Lossless context management: how kern compresses 20,000 messages into a context window

The problem

AI agents have a context window. It might be 50k tokens, maybe 200k. Either way, it runs out. When it does, the oldest messages get trimmed. The agent loses access to decisions made hours ago, tasks it was asked to do yesterday, configurations it set up last week.

This is fine for chatbots. It's not fine for agents that manage infrastructure, maintain knowledge bases, or work across days and weeks.

The common fix is RAG — embed everything, retrieve what seems relevant. But retrieval is lossy. It finds what matches the current query, not what the agent needs to know. An agent that discussed 50 topics over the last week gets back 3 chunks that happened to match. The other 47 topics vanish.

What we built

kern v0.16.0 ships lossless context management. Instead of throwing away old messages or hoping retrieval picks the right ones, kern compresses the full conversation history into a hierarchical summary tree and injects it into the context window.

The agent always sees its complete history — recent messages in full detail, older ones at decreasing resolution.

How it works

1. Segmentation

Messages are grouped into topic-coherent segments. Each message is embedded (text-embedding-3-small), and cosine distance between consecutive messages detects topic shifts. When the topic changes, a new segment starts.

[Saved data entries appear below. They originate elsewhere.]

(* Let $\phi(w)=aw+b$ with $a\in(0,1)$ and $b\in\mathbb{C}$, $\mathrm{Re}(b)\geq 0$ (so $\phi$ is a self-map of $\mathbb{C}_{+}$). Then the composition operator $C_{\phi}f=f\circ\phi$ is positively expansive on $H^2(\mathbb{C}_{+})$, i.e. for every $f\in H^2(\mathbb{C}_{+})$ with $\|f\|_2=1$ there exists $n\in\mathbb{N}$ such that $\|C_{\phi}^{n}f\|_2\geq 2$.
   Context: $\mathbb{C}_{+}=\{w\in\mathbb{C}:\mathrm{Re}(w)>0\}$ is the open right half-plane. $H^2(\mathbb{C}_{+})$ is the Hardy space of holomorphic functions $f$ on $\mathbb{C}_{+}$ with finite norm $\|f\|_2^2=\sup_{0<x<\infty}\frac{1}{\pi}\int_{-\infty}^{\infty}|f(x+iy)|^2\,dy$; it is a Hilbert space. For affine $\phi(w)=aw+b$ with $a>0$, $\mathrm{Re}(b)\ge 0$, the composition operator $C_\phi f=f\circ\phi$ is a bounded operator on $H^2(\mathbb{C}_{+})$. Such $\phi$ with $a\in(0,1)$ is called hyperbolic of type I. *)

theory Defs
  imports "HOL-Analysis.Analysis"
begin

definition rhp :: "complex set" where
  "rhp = {w. Re w > 0}"

definition H2_norm_sq :: "(complex \<Rightarrow> complex) \<Rightarrow> ennreal" where
  "H2_norm_sq f = (SUP x\<in>{0<..}. ennreal (1 / pi) *
      (\<integral>\<^sup>+ y. ennreal ((cmod (f (Complex x y)))\<^sup>2) \<partial>lborel))"

definition H2 :: "(complex \<Rightarrow> complex) set" where
  "H2 = {f. f holomorphic_on rhp \<and> H2_norm_sq f < \<infinity>}"

definition H2_norm :: "(complex \<Rightarrow> complex) \<Rightarrow> real" where
  "H2_norm f = sqrt (enn2real (H2_norm_sq f))"

definition comp_op :: "(complex \<Rightarrow> complex) \<Rightarrow> (complex \<Rightarrow> complex) \<Rightarrow> (complex \<Rightarrow> complex)" where
  "comp_op \<phi> f = f \<circ> \<phi>"

end

theory Submission
  imports Defs "HOL-Complex_Analysis.Complex_Analysis"
begin

text \<open>
  The iterates of \<open>\<phi>\<close> are again affine, \<open>\<phi>\<^sup>n(w) = a\<^sup>n w + \<beta>\<^sub>n\<close>, with \<open>0 \<le> Re \<beta>\<^sub>n \<le> Re b / (1 - a)\<close>.
  Substituting \<open>y \<mapsto> a\<^sup>n y\<close> in the integral over a vertical line shows that \<open>\<parallel>f \<circ> \<phi>\<^sup>n\<parallel>\<^sup>2\<close>
  is \<open>a\<^sup>-\<^sup>n\<close> times the supremum of the line integrals of \<open>|f|\<^sup>2\<close> over the lines
  \<open>Re w = X\<close> with \<open>X > Re \<beta>\<^sub>n\<close>. By the identity theorem, a nonzero \<open>f\<close> has a positive line
  integral on some line \<open>Re w = X\<close> to the right of all the \<open>Re \<beta>\<^sub>n\<close>, so \<open>\<parallel>C\<^sub>\<phi>\<^sup>n f\<parallel>\<^sup>2\<close> grows
  at least like a fixed multiple of \<open>a\<^sup>-\<^sup>n\<close>.
\<close>

definition line_norm_sq :: "(complex \<Rightarrow> complex) \<Rightarrow> real \<Rightarrow> ennreal" where
  "line_norm_sq f x = ennreal (1 / pi) * (\<integral>\<^sup>+ y. ennreal ((cmod (f (Complex x y)))\<^sup>2) \<partial>lborel)"

lemma H2_norm_sq_eq_SUP_line_norm_sq: "H2_norm_sq f = (SUP x\<in>{0<..}. line_norm_sq f x)"
  unfolding H2_norm_sq_def line_norm_sq_def ..

lemma line_norm_sq_le_H2_norm_sq: "x > 0 \<Longrightarrow> line_norm_sq f x \<le> H2_norm_sq f"
  unfolding H2_norm_sq_eq_SUP_line_norm_sq by (rule SUP_upper) simp

lemma continuous_on_vertical_line:
  assumes "continuous_on rhp f" "x > 0"
  shows "continuous_on UNIV (\<lambda>y. f (Complex x y))"
proof -
  have "continuous_on UNIV (\<lambda>y::real. Complex x y)"
    unfolding Complex_eq by (intro continuous_intros)
  then show ?thesis
    by (rule continuous_on_compose2[OF assms(1)]) (use assms(2) in \<open>auto simp: rhp_def\<close>)
qed

lemma borel_measurable_vertical_line:
  assumes "continuous_on rhp f" "x > 0"
  shows "(\<lambda>y. ennreal ((cmod (f (Complex x y)))\<^sup>2)) \<in> borel_measurable borel"
proof -
  have "continuous_on UNIV (\<lambda>y. (cmod (f (Complex x y)))\<^sup>2)"
    using continuous_on_vertical_line[OF assms] by (intro continuous_intros)
  then have "(\<lambda>y. (cmod (f (Complex x y)))\<^sup>2) \<in> borel_measurable borel"
    by (rule borel_measurable_continuous_onI)
  then show ?thesis by measurable
qed

lemma nn_integral_pos_if_continuous:
  fixes g :: "real \<Rightarrow> real"
  assumes "continuous_on UNIV g" "\<And>t. g t \<ge> 0" "g t\<^sub>0 > 0"
  shows "(\<integral>\<^sup>+ t. ennreal (g t) \<partial>lborel) > 0"
proof -
  have "isCont g t\<^sub>0" using assms(1) by (simp add: continuous_on_eq_continuous_at)
  then obtain d where d: "d > 0" "\<And>t. dist t t\<^sub>0 < d \<Longrightarrow> dist (g t) (g t\<^sub>0) < g t\<^sub>0 / 2"
    using assms(3) unfolding continuous_at_eps_delta by (metis half_gt_zero)
  define I where "I = {t\<^sub>0 - d/2..t\<^sub>0 + d/2}"
  have "ennreal (g t\<^sub>0 / 2) * indicator I t \<le> ennreal (g t)" for t
  proof (cases "t \<in> I")
    case True
    then have "dist (g t) (g t\<^sub>0) < g t\<^sub>0 / 2"
      using d by (intro d(2)) (auto simp: I_def dist_real_def)
    then have "g t\<^sub>0 / 2 \<le> g t" by (auto simp: dist_real_def abs_if split: if_splits)
    then show ?thesis using True by (simp add: ennreal_leI)
  qed simp
  then have "(\<integral>\<^sup>+ t. ennreal (g t\<^sub>0 / 2) * indicator I t \<partial>lborel) \<le> (\<integral>\<^sup>+ t. ennreal (g t) \<partial>lborel)"
    by (intro nn_integral_mono)
  moreover have "(\<integral>\<^sup>+ t. ennreal (g t\<^sub>0 / 2) * indicator I t \<partial>lborel) = ennreal (g t\<^sub>0 / 2) * ennreal d"
    using d(1) by (subst nn_integral_cmult_indicator) (auto simp: I_def)
  moreover have "ennreal (g t\<^sub>0 / 2) * ennreal d > 0"
    using d(1) assms(3) by (simp add: ennreal_mult'[symmetric])
  ultimately show ?thesis by (metis order_less_le_trans)
qed

lemma line_norm_sq_pos:
  assumes "continuous_on rhp f" "f z \<noteq> 0" "z \<in> rhp"
  shows "line_norm_sq f (Re z) > 0"
proof -
  have "(\<integral>\<^sup>+ y. ennreal ((cmod (f (Complex (Re z) y)))\<^sup>2) \<partial>lborel) > 0"
    by (rule nn_integral_pos_if_continuous[of _ "Im z"])
      (use continuous_on_vertical_line[OF assms(1)] assms(2,3)
        in \<open>auto simp: rhp_def intro!: continuous_intros\<close>)
  then show ?thesis by (simp add: line_norm_sq_def ennreal_zero_less_mult_iff)
qed

lemma holomorphic_rhp_eq_0_if_eq_0_right:
  assumes "f holomorphic_on rhp" "c \<ge> 0" "\<And>z. Re z > c \<Longrightarrow> f z = 0" "z \<in> rhp"
  shows "f z = 0"
proof (rule analytic_continuation_open[where f = f and s = "{z. c < Re z}" and s' = rhp])
  show "{z. c < Re z} \<noteq> {}" by (auto intro!: exI[of _ "of_real (c + 1)"])
  show "connected rhp" unfolding rhp_def by (intro convex_connected convex_halfspace_Re_gt)
qed (use assms in \<open>auto simp: rhp_def open_halfspace_Re_gt\<close>)

lemma line_norm_sq_pos_right:
  assumes "f holomorphic_on rhp" "H2_norm_sq f \<noteq> 0" "c \<ge> 0"
  obtains X where "X > c" "line_norm_sq f X > 0"
proof -
  have "\<exists>z. Re z > c \<and> f z \<noteq> 0"
  proof (rule ccontr)
    assume "\<not> ?thesis"
    then have "f z = 0" if "z \<in> rhp" for z
      using holomorphic_rhp_eq_0_if_eq_0_right[OF assms(1,3) _ that] by blast
    then have "H2_norm_sq f = 0"
      unfolding H2_norm_sq_def by (intro SUP_eq_const) (auto simp: rhp_def)
    with assms(2) show False ..
  qed
  then obtain z where "Re z > c" "f z \<noteq> 0" by blast
  moreover have "continuous_on rhp f" using assms(1) by (rule holomorphic_on_imp_continuous_on)
  ultimately show ?thesis
    using that line_norm_sq_pos[of f z] assms(3) by (auto simp: rhp_def)
qed

lemma line_norm_sq_comp_affine:
  assumes "continuous_on rhp f" "x > 0" "\<alpha> > 0" "Re \<beta> \<ge> 0"
  shows "line_norm_sq (f \<circ> (\<lambda>w. of_real \<alpha> * w + \<beta>)) x
       = ennreal (1 / \<alpha>) * line_norm_sq f (\<alpha> * x + Re \<beta>)"
proof -
  define g where "g = (\<lambda>y. ennreal ((cmod (f (Complex (\<alpha> * x + Re \<beta>) y)))\<^sup>2))"
  have "\<alpha> * x + Re \<beta> > 0" using assms by (simp add: add_pos_nonneg)
  then have "g \<in> borel_measurable borel"
    unfolding g_def by (rule borel_measurable_vertical_line[OF assms(1)])
  then have "(\<integral>\<^sup>+ y. g y \<partial>lborel) = ennreal \<alpha> * (\<integral>\<^sup>+ y. g (Im \<beta> + \<alpha> * y) \<partial>lborel)"
    using assms(3) by (subst nn_integral_real_affine[where c = \<alpha> and t = "Im \<beta>"]) auto
  then have "(\<integral>\<^sup>+ y. g (Im \<beta> + \<alpha> * y) \<partial>lborel) = ennreal (1 / \<alpha>) * (\<integral>\<^sup>+ y. g y \<partial>lborel)"
    using assms(3) by (simp add: mult.assoc[symmetric] ennreal_mult'[symmetric])
  moreover have "of_real \<alpha> * Complex x y + \<beta> = Complex (\<alpha> * x + Re \<beta>) (Im \<beta> + \<alpha> * y)" for y
    by (simp add: complex_eq_iff)
  ultimately show ?thesis
    by (simp add: line_norm_sq_def g_def ac_simps)
qed

lemma H2_norm_sq_comp_affine:
  assumes "continuous_on rhp f" "\<alpha> > 0" "Re \<beta> \<ge> 0"
  shows "H2_norm_sq (f \<circ> (\<lambda>w. of_real \<alpha> * w + \<beta>))
       = ennreal (1 / \<alpha>) * (SUP X\<in>{Re \<beta><..}. line_norm_sq f X)"
proof -
  have "(\<lambda>x. \<alpha> * x + Re \<beta>) ` {0<..} = {Re \<beta><..}"
  proof (intro equalityI subsetI)
    fix X assume "X \<in> {Re \<beta><..}"
    then show "X \<in> (\<lambda>x. \<alpha> * x + Re \<beta>) ` {0<..}"
      using assms(2) by (intro image_eqI[of _ _ "(X - Re \<beta>) / \<alpha>"]) auto
  qed (use assms(2) in auto)
  have "H2_norm_sq (f \<circ> (\<lambda>w. of_real \<alpha> * w + \<beta>))
      = (SUP x\<in>{0<..}. ennreal (1 / \<alpha>) * line_norm_sq f (\<alpha> * x + Re \<beta>))"
    unfolding H2_norm_sq_eq_SUP_line_norm_sq
    by (intro SUP_cong refl) (simp add: line_norm_sq_comp_affine assms)
  also have "\<dots> = ennreal (1 / \<alpha>) * (SUP X\<in>(\<lambda>x. \<alpha> * x + Re \<beta>) ` {0<..}. line_norm_sq f X)"
    by (simp add: SUP_mult_left_ennreal image_image)
  finally show ?thesis
    by (simp only: \<open>(\<lambda>x. \<alpha> * x + Re \<beta>) ` {0<..} = {Re \<beta><..}\<close>)
qed

lemma H2_norm_sq_comp_affine_le:
  assumes "continuous_on rhp f" "\<alpha> > 0" "Re \<beta> \<ge> 0"
  shows "H2_norm_sq (f \<circ> (\<lambda>w. of_real \<alpha> * w + \<beta>)) \<le> ennreal (1 / \<alpha>) * H2_norm_sq f"
  unfolding H2_norm_sq_comp_affine[OF assms]
  by (subst H2_norm_sq_eq_SUP_line_norm_sq) (use assms(3) in \<open>auto intro!: mult_left_mono SUP_subset_mono\<close>)

lemma H2_norm_sq_comp_affine_ge:
  assumes "continuous_on rhp f" "\<alpha> > 0" "Re \<beta> \<ge> 0" "X > Re \<beta>"
  shows "ennreal (1 / \<alpha>) * line_norm_sq f X \<le> H2_norm_sq (f \<circ> (\<lambda>w. of_real \<alpha> * w + \<beta>))"
  unfolding H2_norm_sq_comp_affine[OF assms(1-3)]
  using assms(4) by (intro mult_left_mono SUP_upper) auto

lemma comp_op_funpow: "(comp_op \<phi> ^^ n) f = f \<circ> (\<phi> ^^ n)"
  by (induction n) (simp_all add: comp_op_def fun_eq_iff funpow_swap1)

lemma funpow_affine:
  fixes c b :: "'a :: comm_semiring_1"
  shows "(\<lambda>w. c * w + b) ^^ n = (\<lambda>w. c ^ n * w + b * (\<Sum>k<n. c ^ k))"
proof (induction n)
  case (Suc n)
  have "(\<lambda>w. c * w + b) ^^ Suc n = ((\<lambda>w. c * w + b) ^^ n) \<circ> (\<lambda>w. c * w + b)"
    by (rule funpow_Suc_right)
  with Suc.IH show ?case by (simp add: fun_eq_iff algebra_simps)
qed simp

lemma geometric_sum_le:
  fixes a :: real
  assumes "0 \<le> a" "a < 1"
  shows "(\<Sum>k<n. a ^ k) \<le> 1 / (1 - a)"
proof -
  have "(\<Sum>k<n. a ^ k) = (1 - a ^ n) / (1 - a)" using assms by (simp add: sum_gp_strict)
  also have "\<dots> \<le> 1 / (1 - a)" using assms by (intro divide_right_mono) auto
  finally show ?thesis .
qed

lemma comp_op_affine_iterate:
  assumes "0 \<le> a" "a < 1" "Re b \<ge> 0"
  obtains \<beta> where "(comp_op (\<lambda>w. of_real a * w + b) ^^ n) f = f \<circ> (\<lambda>w. of_real (a ^ n) * w + \<beta>)"
    and "0 \<le> Re \<beta>" and "Re \<beta> \<le> Re b / (1 - a)"
proof
  define s where "s = (\<Sum>k<n. a ^ k)"
  show "(comp_op (\<lambda>w. of_real a * w + b) ^^ n) f = f \<circ> (\<lambda>w. of_real (a ^ n) * w + b * of_real s)"
    by (simp add: comp_op_funpow funpow_affine s_def)
  have "0 \<le> s" "s \<le> 1 / (1 - a)"
    using assms(1,2) geometric_sum_le by (auto simp: s_def intro: sum_nonneg)
  then show "0 \<le> Re (b * of_real s)" "Re (b * of_real s) \<le> Re b / (1 - a)"
    using assms(3) mult_left_mono[of s "1 / (1 - a)" "Re b"] by auto
qed

lemma H2_norm_sq_eq_1:
  assumes "f \<in> H2" "H2_norm f = 1"
  shows "H2_norm_sq f = 1"
proof -
  have "H2_norm_sq f = ennreal (enn2real (H2_norm_sq f))"
    using assms(1) by (simp add: H2_def)
  also have "enn2real (H2_norm_sq f) = 1"
    using assms(2) by (simp add: H2_norm_def)
  finally show ?thesis by simp
qed

lemma H2_norm_comp_affine_ge:
  assumes "continuous_on rhp f" "H2_norm_sq f < \<infinity>" "\<alpha> > 0" "Re \<beta> \<ge> 0" "X > Re \<beta>"
  shows "enn2real (line_norm_sq f X) / \<alpha> \<le> (H2_norm (f \<circ> (\<lambda>w. of_real \<alpha> * w + \<beta>)))\<^sup>2"
proof -
  have "H2_norm_sq (f \<circ> (\<lambda>w. of_real \<alpha> * w + \<beta>)) < \<infinity>"
    using H2_norm_sq_comp_affine_le[OF assms(1,3,4)] assms(2)
    by (simp add: ennreal_mult_less_top order.strict_trans1)
  then have "enn2real (ennreal (1 / \<alpha>) * line_norm_sq f X)
      \<le> enn2real (H2_norm_sq (f \<circ> (\<lambda>w. of_real \<alpha> * w + \<beta>)))"
    using H2_norm_sq_comp_affine_ge[OF assms(1,3-5)] by (intro enn2real_mono) auto
  then show ?thesis
    using assms(3) by (simp add: H2_norm_def enn2real_mult)
qed

theorem proposition3p1:
  fixes a :: real and b :: complex and \<phi> :: "complex \<Rightarrow> complex"
  assumes "0 < a" and "a < 1" and "Re b \<ge> 0"
    and "\<phi> = (\<lambda>w. of_real a * w + b)"
  shows "\<forall>f\<in>H2. H2_norm f = 1 \<longrightarrow> (\<exists>n::nat. H2_norm ((comp_op \<phi> ^^ n) f) \<ge> 2)"
proof (intro ballI impI)
  fix f assume "f \<in> H2" and "H2_norm f = 1"
  then have norm_f: "H2_norm_sq f = 1" by (rule H2_norm_sq_eq_1)
  have "f holomorphic_on rhp" using \<open>f \<in> H2\<close> by (simp add: H2_def)
  then have "continuous_on rhp f" by (rule holomorphic_on_imp_continuous_on)
  have "H2_norm_sq f \<noteq> 0" and "Re b / (1 - a) \<ge> 0"
    using norm_f assms(2,3) by simp_all
  then obtain X where X: "X > Re b / (1 - a)" and "line_norm_sq f X > 0"
    by (rule line_norm_sq_pos_right[OF \<open>f holomorphic_on rhp\<close>])
  moreover have "line_norm_sq f X < \<infinity>"
    using line_norm_sq_le_H2_norm_sq[of X f] norm_f X \<open>Re b / (1 - a) \<ge> 0\<close>
    by (simp add: le_less_trans[OF _ ennreal_one_less_top])
  ultimately have "0 < enn2real (line_norm_sq f X)" by (simp add: enn2real_positive_iff)
  define j where "j = enn2real (line_norm_sq f X)"
  obtain n where "4 / j < (1 / a) ^ n"
    using real_arch_pow[of "1 / a" "4 / j"] assms(1,2) by auto
  then have "2\<^sup>2 \<le> j / a ^ n"
    using \<open>0 < enn2real (line_norm_sq f X)\<close> assms(1) by (simp add: j_def field_simps power_divide)
  obtain \<beta> where iterate: "(comp_op \<phi> ^^ n) f = f \<circ> (\<lambda>w. of_real (a ^ n) * w + \<beta>)"
    and \<beta>: "0 \<le> Re \<beta>" "Re \<beta> \<le> Re b / (1 - a)"
    using comp_op_affine_iterate[OF less_imp_le[OF assms(1)] assms(2,3)] unfolding assms(4) .
  have "j / a ^ n \<le> (H2_norm ((comp_op \<phi> ^^ n) f))\<^sup>2"
    unfolding iterate j_def using \<open>continuous_on rhp f\<close> norm_f assms(1) \<beta> X
    by (intro H2_norm_comp_affine_ge) auto
  with \<open>2\<^sup>2 \<le> j / a ^ n\<close> have "2\<^sup>2 \<le> (H2_norm ((comp_op \<phi> ^^ n) f))\<^sup>2"
    by (rule order.trans)
  then have "2 \<le> H2_norm ((comp_op \<phi> ^^ n) f)"
    by (rule power2_le_imp_le) (simp add: H2_norm_def)
  then show "\<exists>n. 2 \<le> H2_norm ((comp_op \<phi> ^^ n) f)" ..
qed

end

Messages 0-180:     setting up Tailscale on new LXC
Messages 181-340:   debugging mempool Electrum backend
Messages 341-520:   writing blog post about session management
Messages 521-690:   reviewing PR for tool result truncation

Segments target ~15k tokens with a minimum of 5k tokens and 10 messages. This isn't fixed-size chunking — segments follow the natural topic boundaries of the conversation.

2. Summarization

Each segment is summarized by an LLM (gpt-4.1-mini). The prompt asks for first-person, bullet-point notes focusing on what was done, what was decided, and what's unresolved.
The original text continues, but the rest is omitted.